他算什么庶民?轻城哭笑不得,却无法否认,经他这样一番插科打诨,紧张的气氛一下子消失无踪。
她懒得和太子多打交道,说了声:“我先回去了。”重新上马,欲要离开。
“荣恩,”太子叫住她,开口道,“丽妃娘娘前儿去了母后那里,为她的娘家侄儿求娶你。母后原觉得不妥,可淑妃娘娘一口答应了下来。你毕竟是淑妃娘娘的女儿,母后也不好插手太多。”
轻城勒住马,心中一动,没有做声。
单世良在一边听得心中暗惊:太子这话是什么意思?丽妃的娘家侄儿,还没成亲的不就只有那个不成器的郑潇?夏淑妃究竟是怎么想的,竟要把公主许给他?这也太糟蹋人了!
太子见轻城没有反应,有些意外:“你就没什么想说的?”
轻城垂眸:“婚姻大事,自有父皇与娘娘做主,我没什么好说的。”
太子一肚子安慰的话顿时堵在喉口,顿了顿,提醒她:“那郑家小子并非良配。”
轻城道:“那也是我的命。”
太子被噎住,怒其不争地道:“你就这么认命了?”
轻城一脸无可奈何:“难道我还能和娘娘对着干?”
太子差点想骂人:从前他只觉得这个妹妹性子软,好拿捏,没想到竟软成这样。终身大事许配给了这样的人,她居然一点儿都不敢反抗!
这怎么行?
太子刚想说什么,眼角余光瞥见单世良在一边支楞着耳朵听着,望向轻城的目光怜惜而同情,越发心烦。他耐下性子,客气地开口道:“世良见谅,我与荣恩有几句话要私下说。”
单世良担忧地看了轻城一眼,含蓄地道:“公主,若有什么我可以帮忙的,只管差遣。”这才恋恋不舍地告退。
太子做了个手势,扈从四散开来,又示意轻城也照做,这才策马靠近她,循循善诱道:“说服淑妃娘娘改变主意也不是没办法。”
轻城心中冷笑,面上却依旧一副没有信心的样子:“娘娘打定主意的事,谁也改变不了。”
太子:“……”这对话没法继续下去了!
他耐心耗尽,实在没招了,索性掀开底牌,“荣恩,你若真不愿意,可以来找孤,孤会为你出头。”
轻城重复:“你会为我出头?”
太子笑得雍容:“只要荣恩乖乖的,听皇兄的话。”
轻城抬眼看向他,心中一片雪亮:她一直怀疑郑潇的身后有太子,却始终想不通太子这么做的目的。原来竟是这样吗?用一桩不堪的婚事将她逼入绝境,在她走投无路之际,示恩于她,逼她向他屈服。
毕竟,比起郑潇这种烂人,一国的储君,众口交誉的太子明显才是更好的选择。哪怕要背上背德的名声,却也有享不尽的荣宠和富贵在等着她。等到太子即位,大权在握,这一点小小的瑕疵又算得了什么?
太子,这是要她看清楚,不顺从他,她会落到什么境地。
还真是打得好算盘!
太子一抖马缰,两匹马几乎头都要挨到一起,倾身过来道:“只要你愿意听皇兄的安排,想要什么,皇兄都可以给你。”
可只要是他给的,她都不想要!她嫌恶心。
轻城唇边勾起一丝讥讽的笑,策马后退几步,拉开距离,偏头看他:“不必麻烦了,能够出嫁总比一直留在宫中好。郑家也答应了,一定会让郑潇痛改前非。太子哥哥真有心,臣妹出嫁时,多给些添妆便好。”

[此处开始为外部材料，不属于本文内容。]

definition observable :: "('v \<times> 'v) set \<Rightarrow> 'v \<Rightarrow> bool" where
  "observable E i \<longleftrightarrow> N_in E i \<noteq> {}"

definition strongly_observable :: "('v \<times> 'v) set \<Rightarrow> 'v \<Rightarrow> bool" where
  "strongly_observable E i \<longleftrightarrow> i \<in> N_in E i \<or> UNIV - {i} \<subseteq> N_in E i"

definition weakly_observable :: "('v \<times> 'v) set \<Rightarrow> bool" where
  "weakly_observable E \<longleftrightarrow>
     (\<forall>i. observable E i) \<and> \<not> (\<forall>i. strongly_observable E i)"

definition feedback :: "('v \<times> 'v) set \<Rightarrow> 'v \<Rightarrow> ('v \<Rightarrow> real) \<Rightarrow> ('v \<Rightarrow> real option)" where
  "feedback E i l = (\<lambda>j. if j \<in> N_out E i then Some (l j) else None)"

type_synonym 'v history = "('v \<times> ('v \<Rightarrow> real option)) list"

type_synonym 'v player = "'v history \<Rightarrow> 'v pmf"

text \<open>Distribution of the history after t rounds, against the loss sequence l
  (round s, for s = 1,2,..., uses loss function l s).\<close>
fun hist_pmf :: "('v \<times> 'v) set \<Rightarrow> 'v player \<Rightarrow> (nat \<Rightarrow> 'v \<Rightarrow> real) \<Rightarrow> nat \<Rightarrow> 'v history pmf" where
  "hist_pmf E P l 0 = return_pmf []"
| "hist_pmf E P l (Suc t) =
     bind_pmf (hist_pmf E P l t)
       (\<lambda>h. map_pmf (\<lambda>i. h @ [(i, feedback E i (l (Suc t)))]) (P h))"

text \<open>Cumulative loss incurred along a history (k-th entry is round k+1).\<close>
definition cum_loss :: "(nat \<Rightarrow> 'v \<Rightarrow> real) \<Rightarrow> 'v history \<Rightarrow> real" where
  "cum_loss l h = (\<Sum>k<length h. l (Suc k) (fst (h ! k)))"

definition expected_regret ::
  "('v::finite \<times> 'v) set \<Rightarrow> 'v player \<Rightarrow> (nat \<Rightarrow> 'v \<Rightarrow> real) \<Rightarrow> nat \<Rightarrow> real" where
  "expected_regret E P l T =
     measure_pmf.expectation (hist_pmf E P l T) (cum_loss l)
     - (MIN i. \<Sum>t=1..T. l t i)"

end

theory Submission
  imports Defs
begin

text \<open>If \<open>G\<close> is weakly observable, some vertex \<open>a\<close> is observed neither from itself nor from
  some other vertex \<open>b\<close>. Give \<open>a\<close> a fresh Bernoulli loss of mean \<open>1/2 \<mp> \<epsilon>\<close> in each round, \<open>b\<close> the
  loss \<open>1/2\<close> and every other vertex the loss \<open>1\<close>. Telling the two environments apart requires
  plays of vertices that observe \<open>a\<close>, each costing at least \<open>1/2\<close> in regret; without them the
  player cannot tell whether \<open>a\<close> or \<open>b\<close> is optimal and loses \<open>\<epsilon>\<close> per round in one of the
  two environments. The information gained is controlled through the Bhattacharyya coefficient of
  the two history distributions, which each revealing play lowers by at most \<open>2\<epsilon>\<^sup>2\<close>; balancing
  the two costs with \<open>\<epsilon> = 1 / (2 T\<^sup>1\<^sup>/\<^sup>3)\<close> yields regret at least \<open>3/16 T\<^sup>2\<^sup>/\<^sup>3\<close> in one of the two
  environments on average over its random losses, hence for one fixed loss sequence.\<close>

section \<open>Expectations under finitely supported distributions\<close>

lemma expectation_pmf_eq_sum:
  assumes "finite S" "set_pmf p \<subseteq> S"
  shows "measure_pmf.expectation p f = (\<Sum>x\<in>S. pmf p x * f x)"
  using assms by (subst integral_measure_pmf_real[where A=S]) (auto simp: mult.commute)

lemma pmf_bind_eq_sum:
  assumes "finite S" "set_pmf p \<subseteq> S"
  shows "pmf (bind_pmf p K) y = (\<Sum>x\<in>S. pmf p x * pmf (K x) y)"
  using assms by (simp add: pmf_bind expectation_pmf_eq_sum)

lemma expectation_bind_pmf_finite:
  fixes f :: "'b \<Rightarrow> real"
  assumes fin: "finite (set_pmf p)" "\<And>x. x \<in> set_pmf p \<Longrightarrow> finite (set_pmf (K x))"
  shows "measure_pmf.expectation (bind_pmf p K) f
       = measure_pmf.expectation p (\<lambda>x. measure_pmf.expectation (K x) f)"
proof -
  define S where "S = set_pmf (bind_pmf p K)"
  have S: "finite S" using fin by (simp add: S_def)
  have supp: "set_pmf (K x) \<subseteq> S" if "x \<in> set_pmf p" for x using that by (auto simp: S_def)
  have "measure_pmf.expectation (bind_pmf p K) f = (\<Sum>y\<in>S. pmf (bind_pmf p K) y * f y)"
    using S by (rule expectation_pmf_eq_sum) (simp add: S_def)
  also have "\<dots> = (\<Sum>x\<in>set_pmf p. pmf p x * (\<Sum>y\<in>S. pmf (K x) y * f y))"
    by (simp add: pmf_bind_eq_sum[OF fin(1)] sum_distrib_left sum_distrib_right mult.assoc
        sum.swap[where A = S])
  also have "\<dots> = measure_pmf.expectation p (\<lambda>x. measure_pmf.expectation (K x) f)"
    using fin by (simp add: expectation_pmf_eq_sum[OF S supp] expectation_pmf_eq_sum)
  finally show ?thesis .
qed

lemma expectation_cong_pmf:
  fixes f g :: "'a \<Rightarrow> real"
  assumes "\<And>x. x \<in> set_pmf p \<Longrightarrow> f x = g x"
  shows "measure_pmf.expectation p f = measure_pmf.expectation p g"
  using assms by (intro integral_cong_AE AE_pmfI) auto

lemma exists_ge_expectation_pmf:
  fixes f :: "'a \<Rightarrow> real"
  assumes "finite (set_pmf p)"
  shows "\<exists>x\<in>set_pmf p. measure_pmf.expectation p f \<le> f x"
proof (rule ccontr)
  assume "\<not> ?thesis"
  hence lt: "f x < measure_pmf.expectation p f" if "x \<in> set_pmf p" for x using that by auto
  have "measure_pmf.expectation p f = (\<Sum>x\<in>set_pmf p. pmf p x * f x)"
    using assms by (rule expectation_pmf_eq_sum) simp
  also have "\<dots> < (\<Sum>x\<in>set_pmf p. pmf p x * measure_pmf.expectation p f)"
    using assms lt set_pmf_not_empty
    by (intro sum_strict_mono) (auto simp: set_pmf_iff intro!: mult_strict_left_mono pmf_pos)
  also have "\<dots> = measure_pmf.expectation p f"
    using sum_pmf_eq_1[OF assms] by (simp add: sum_distrib_right[symmetric])
  finally show False by simp
qed

section \<open>The Bhattacharyya coefficient\<close>

text \<open>Unlike total variation, the coefficient is supermultiplicative under sequential
  composition (\<open>bhattacharyya_bind_ge\<close>), so it can be tracked round by round.\<close>
definition bhattacharyya :: "'a set \<Rightarrow> 'a pmf \<Rightarrow> 'a pmf \<Rightarrow> real" where
  "bhattacharyya S p q = (\<Sum>x\<in>S. sqrt (pmf p x * pmf q x))"

lemma bhattacharyya_support_cong:
  assumes "finite S" "finite S'" "set_pmf p \<subseteq> S" "set_pmf p \<subseteq> S'"
  shows "bhattacharyya S p q = bhattacharyya S' p q"
proof -
  have "bhattacharyya S p q = bhattacharyya (S \<inter> S') p q" unfolding bhattacharyya_def
    using assms by (intro sum.mono_neutral_right) (auto simp: set_pmf_iff)
  also have "\<dots> = bhattacharyya S' p q" unfolding bhattacharyya_def
    using assms by (intro sum.mono_neutral_left) (auto simp: set_pmf_iff)
  finally show ?thesis .
qed

lemma bhattacharyya_return_self:
  "finite S \<Longrightarrow> x \<in> S \<Longrightarrow> bhattacharyya S (return_pmf x) (return_pmf x) = 1"
  unfolding bhattacharyya_def by (simp add: indicator_def)

lemma sum_sqrt_mult_le:
  fixes u v :: "'a \<Rightarrow> real"
  assumes "\<And>x. x \<in> A \<Longrightarrow> 0 \<le> u x" "\<And>x. x \<in> A \<Longrightarrow> 0 \<le> v x"
  shows "(\<Sum>x\<in>A. sqrt (u x * v x)) \<le> sqrt ((\<Sum>x\<in>A. u x) * (\<Sum>x\<in>A. v x))"
proof -
  have "(\<Sum>x\<in>A. sqrt (u x) * sqrt (v x))\<^sup>2 \<le> (\<Sum>x\<in>A. (sqrt (u x))\<^sup>2) * (\<Sum>x\<in>A. (sqrt (v x))\<^sup>2)"
    by (rule Cauchy_Schwarz_ineq_sum)
  with assms have "(\<Sum>x\<in>A. sqrt (u x) * sqrt (v x)) \<le> sqrt ((\<Sum>x\<in>A. u x) * (\<Sum>x\<in>A. v x))"
    by (simp add: real_le_rsqrt)
  then show ?thesis by (simp add: real_sqrt_mult)
qed

lemma bhattacharyya_le_1:
  assumes "finite S"
  shows "bhattacharyya S p q \<le> 1"
proof -
  have "bhattacharyya S p q \<le> sqrt ((\<Sum>x\<in>S. pmf p x) * (\<Sum>x\<in>S. pmf q x))"
    unfolding bhattacharyya_def by (rule sum_sqrt_mult_le) auto
  also have "\<dots> \<le> 1"
    using measure_pmf.prob_le_1[of p S] measure_pmf.prob_le_1[of q S] assms
    by (simp add: measure_measure_pmf_finite mult_le_one sum_nonneg)
  finally show ?thesis .
qed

闻言,太子再也维系不住温和的外表,脸色倏地沉了下来:“你宁愿嫁给这么一个东西,也不肯接受孤的好意?”
轻城微笑:“太子哥哥此言差矣,你的好意,我怎会拒绝?”拒绝的,自然不是好意。后一句她没有说出口,两人却心知肚明。
太子目光阴郁起来,脸色却恢复了温和:“好妹妹,你大概不清楚郑潇是什么样的人?”他忽然压低声音,一字一句,慢慢告诉轻城道,“听说他在房中喜欢捆缚、鞭打,还玩死过两个丫鬟……”
得得马蹄声飞奔而至,少年清朗的声音突兀插入:“皇兄既有此担心,不如好好去和荣庆皇姐说。”
挡住外围的扈从分开一条路,太子循声看去,恰看到赵玺翻身下马,大步而来。
又是他!这么远还能听到,真是狗耳朵。太子心中大恨,变色道:“这和荣庆又有什么关系?”
赵玺嗤道:“皇兄不知道吗?消息也太不灵通了,那位郑公子误踩捕猎圈套,荣庆好心去救他,结果把自己搭进去了。”
太子一愣,赵玺也不理他,过来牵着轻城的马就往外走。
这小子也太无礼了些。太子面沉如水,到底忌惮赵玺,没有阻挡他们,扭头对手下吩咐道:“去打听一下消息。”